大口を開けて欠伸をすると、そこにメロンパンをぶっ込まれた。
危うく、おえ、と吐き出しそうになったのを必死に堪えて咀嚼する。
いつもよりふんだんに口内に満たされたパンを頬袋に寄せてグリムジョーをちらりと見た。
視線ががっつりぶつかる。
普段あまり目を合わさないこの男がどうして今日に限ってこんな風に見つめてくるのか理由が思い付かない。
最近はノイトラやテスラの話題も出していないし、テーブルの上にはグリムジョーが好物だと言っていたお菓子がまだ大量に山積みにされているし、怒られる要因を模索するも、とんと検討がつかない。
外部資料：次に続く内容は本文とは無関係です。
section \<open>Reduced elements\<close>

lemma keys_cancel_at_reduced:
  assumes le: "lin_ord le" and ab: "le b a" "b \<noteq> a"
    and r: "a \<in> Poly_Mapping.keys r" "b \<in> Poly_Mapping.keys r" "\<forall>m\<in>Poly_Mapping.keys r. le m a"
    and rb: "b \<in> Poly_Mapping.keys rb" "\<forall>m\<in>Poly_Mapping.keys rb. le m b" "Poly_Mapping.keys rb \<inter> L \<subseteq> {b}"
    and "b \<in> L"
  shows "a \<in> Poly_Mapping.keys (cancel_at b r rb)" "\<forall>m\<in>Poly_Mapping.keys (cancel_at b r rb). le m a"
    and "Poly_Mapping.keys (cancel_at b r rb) \<inter> L \<subset> Poly_Mapping.keys r \<inter> L"
proof -
  have "a \<notin> Poly_Mapping.keys rb"
    using rb(2) ab lin_ord_antisym[OF le] by blast
  then show "a \<in> Poly_Mapping.keys (cancel_at b r rb)"
    using r(1) lookup_cancel_at_other[of a rb b r] by (simp add: in_keys_iff)
  show "\<forall>m\<in>Poly_Mapping.keys (cancel_at b r rb). le m a"
  proof
    fix m assume "m \<in> Poly_Mapping.keys (cancel_at b r rb)"
    then have "m \<in> Poly_Mapping.keys r \<or> m \<in> Poly_Mapping.keys rb"
      using keys_cancel_at_subset[of b r rb] by blast
    then show "le m a"
      using r(3) rb(2) lin_ord_trans[OF le _ ab(1), of m] by blast
  qed
  have b: "b \<notin> Poly_Mapping.keys (cancel_at b r rb)"
    using lookup_cancel_at_self[OF rb(1)] by (simp add: in_keys_iff)
  have "m \<in> Poly_Mapping.keys r" if "m \<in> Poly_Mapping.keys (cancel_at b r rb) \<inter> L" for m
  proof -
    have "m \<notin> Poly_Mapping.keys rb" using that b rb(3) by blast
    then show ?thesis
      using that lookup_cancel_at_other[of m rb b r] by (simp add: in_keys_iff)
  qed
  then have "Poly_Mapping.keys (cancel_at b r rb) \<inter> L \<subseteq> Poly_Mapping.keys r \<inter> L"
    by blast
  then show "Poly_Mapping.keys (cancel_at b r rb) \<inter> L \<subset> Poly_Mapping.keys r \<inter> L"
    using b r(2) \<open>b \<in> L\<close> by blast
qed

lemma ex_reduced:
  fixes I :: "('n::finite, 'k::field) mpoly set"
  assumes I: "is_ideal I" and le: "lin_ord le" and "a \<in> lead_mons le I e"
  shows "\<exists>r\<in>I. homog e r \<and> a \<in> Poly_Mapping.keys r \<and> (\<forall>m\<in>Poly_Mapping.keys r. le m a) \<and>
           Poly_Mapping.keys r \<inter> lead_mons le I e \<subseteq> {a}"
  using assms(3)
proof (induction a rule: measure_induct_rule[where f = "\<lambda>a. card (strictly_below le e a)"])
  case (less a)
  define L where "L = lead_mons le I e"
  define R where "R = {r \<in> I. homog e r \<and> a \<in> Poly_Mapping.keys r \<and> (\<forall>m\<in>Poly_Mapping.keys r. le m a)}"
  obtain f where f: "f \<in> I" "homog e f" "f \<noteq> 0" "lead_mon le f = a"
    using less.prems by (rule lead_monsE)
  then have "f \<in> R"
    unfolding R_def using lead_mon_in_keys[OF le f(3)] lead_mon_ge[OF le, of _ f] by blast
  then obtain r where r: "r \<in> R"
    and r_min: "\<And>r'. r' \<in> R \<Longrightarrow> card (Poly_Mapping.keys r \<inter> L) \<le> card (Poly_Mapping.keys r' \<inter> L)"
    using ex_has_least_nat[of "\<lambda>r. r \<in> R" f "\<lambda>r. card (Poly_Mapping.keys r \<inter> L)"] by blast
  have r_I: "r \<in> I" "homog e r" and a_r: "a \<in> Poly_Mapping.keys r"
    and r_le: "\<And>m. m \<in> Poly_Mapping.keys r \<Longrightarrow> le m a"
    using r unfolding R_def by auto
  have "Poly_Mapping.keys r \<inter> L \<subseteq> {a}"
  proof (rule ccontr)
    assume "\<not> Poly_Mapping.keys r \<inter> L \<subseteq> {a}"
    then obtain b where b: "b \<in> Poly_Mapping.keys r" "b \<in> L" "b \<noteq> a" by blast
    have "le b a" "monom_deg b = e"
      using r_le[OF b(1)] b(1) r_I(2) unfolding homog_def by auto
    then have "card (strictly_below le e b) < card (strictly_below le e a)"
      using card_strictly_below_less[OF le _ _ b(3)] by blast
    then obtain rb where rb: "rb \<in> I" "homog e rb" "b \<in> Poly_Mapping.keys rb"
      "\<forall>m\<in>Poly_Mapping.keys rb. le m b" "Poly_Mapping.keys rb \<inter> L \<subseteq> {b}"
      using less.IH b(2) unfolding L_def by blast
    define r' where "r' = cancel_at b r rb"
    have r': "a \<in> Poly_Mapping.keys r'" "\<forall>m\<in>Poly_Mapping.keys r'. le m a"
      "Poly_Mapping.keys r' \<inter> L \<subset> Poly_Mapping.keys r \<inter> L"
      using keys_cancel_at_reduced[OF le \<open>le b a\<close> b(3) a_r b(1) ballI[OF r_le] rb(3-5) b(2)]
      unfolding r'_def by blast+
    have "r' \<in> I" "homog e r'"
      unfolding r'_def using cancel_at_in_ideal[OF I r_I(1) rb(1)] homog_cancel_at[OF r_I(2) rb(2)] .
    then have "r' \<in> R" unfolding R_def using r'(1,2) by blast
    from r'(3) have "card (Poly_Mapping.keys r' \<inter> L) < card (Poly_Mapping.keys r \<inter> L)"
      by (rule psubset_card_mono[rotated]) simp
    then show False using r_min[OF \<open>r' \<in> R\<close>] by simp
  qed
  then show ?case using r_I a_r r_le unfolding L_def by blast
qed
どちらも目を逸らすことなく、しばしその状況が続いた。
ソファに座るグリムジョーと、ソファを背もたれにして床に座る私との微妙な高低差がさらにグリムジョーの威圧感を助長する。
結局、気圧されて私から問う羽目になった。
「何でしょうか」
「ケーキ、好きか」
まるで噛み合わない返答に困りながらも、頷く。
先の一口がまだ飲み込めない。
「肉は」
「好きだよ」
「魚となら、どっちだ」
「んー、お肉かな」
「パンと米なら」
「パン」
手に持っているメロンパンを掲げて見せた。
「和と洋ならどっちだ」
「和と洋? 食べるなら…んー、どっちも? 部屋の話なら洋室に慣れたかなと」
グリムジョーはたいして興味もなさそうに「へえ」と答えた。
唐突な質問の嵐に疑問を持ちながら首を傾げる。
あれか?
恋人をよく知ろう的なあれか?
しかしこの唯我独尊男が今更どんな風が吹いてもそんなことは考えない気がする。
互いの誕生日でもないしクリスマスやバレンタイン等のいわゆるイベント毎は面倒くさがりの性格が一致してかあまりやらない主義であるから関係がない。
彼に対する影響力があるとすればオレンジ頭のあいつくらいのものだけれど会ったという話も最近は聞かない。
どうも腑に落ちない。
ようやく一口を胃に送り込んだ。
相も変わらず熱烈な視線を受け続けながら、とうとう私が折れて前を見据えることにした。
もう一口頬張る。
考えてみてもわからないのでもういいか。
と諦めようとしたとき、がり、と異物が歯に当たった。
ん?
パンまみれになった異物を口内から引っこ抜くと、そこには何の飾り気もない銀色の環っか。
照明の明かりを反射してきらびやかに輝いている。
そして内側には今日の日付が入っていた。
グリムジョーを振り仰ぐと、同じ環っかが嵌められた左手の薬指をわざわざ見せ付けてくる。
わなわなと口が震えた。
「結婚、しませんか」
僅かながらに頬を染めながら言ってのけたグリムジョーの超貴重映像と衝撃的な一言に頭が完全に思考を止めてしまう。
慌てて服の裾できゅっきゅっと指輪を拭いて自分の左手薬指に嵌めた。
もちろん破面の私達に婚姻の制度なんてないし、うわべだけのものかもしれないけれどあのグリムジョーがそう言ってくれただけで良かった。
それだけで良かった。
結婚式場を脅迫して予約しただのあとは料理を決めるだけだだのとたくさんの情報が入ってくるのだけど頭は既にパンクしている。
「クッサいやりかた…!」
「他に言い方ねえのか」
残ったメロンパンを片手にグリムジョーに抱き付けばしっかりと私を受け止めてくれるその逞しい腕。
頭を撫でてくれるその指に同じ輝きがあるのが堪らなく嬉しかった。
うわべだけでもいい。
それでもいい。
グリムジョーは本当に優しく嬉しそうに笑ってくれた。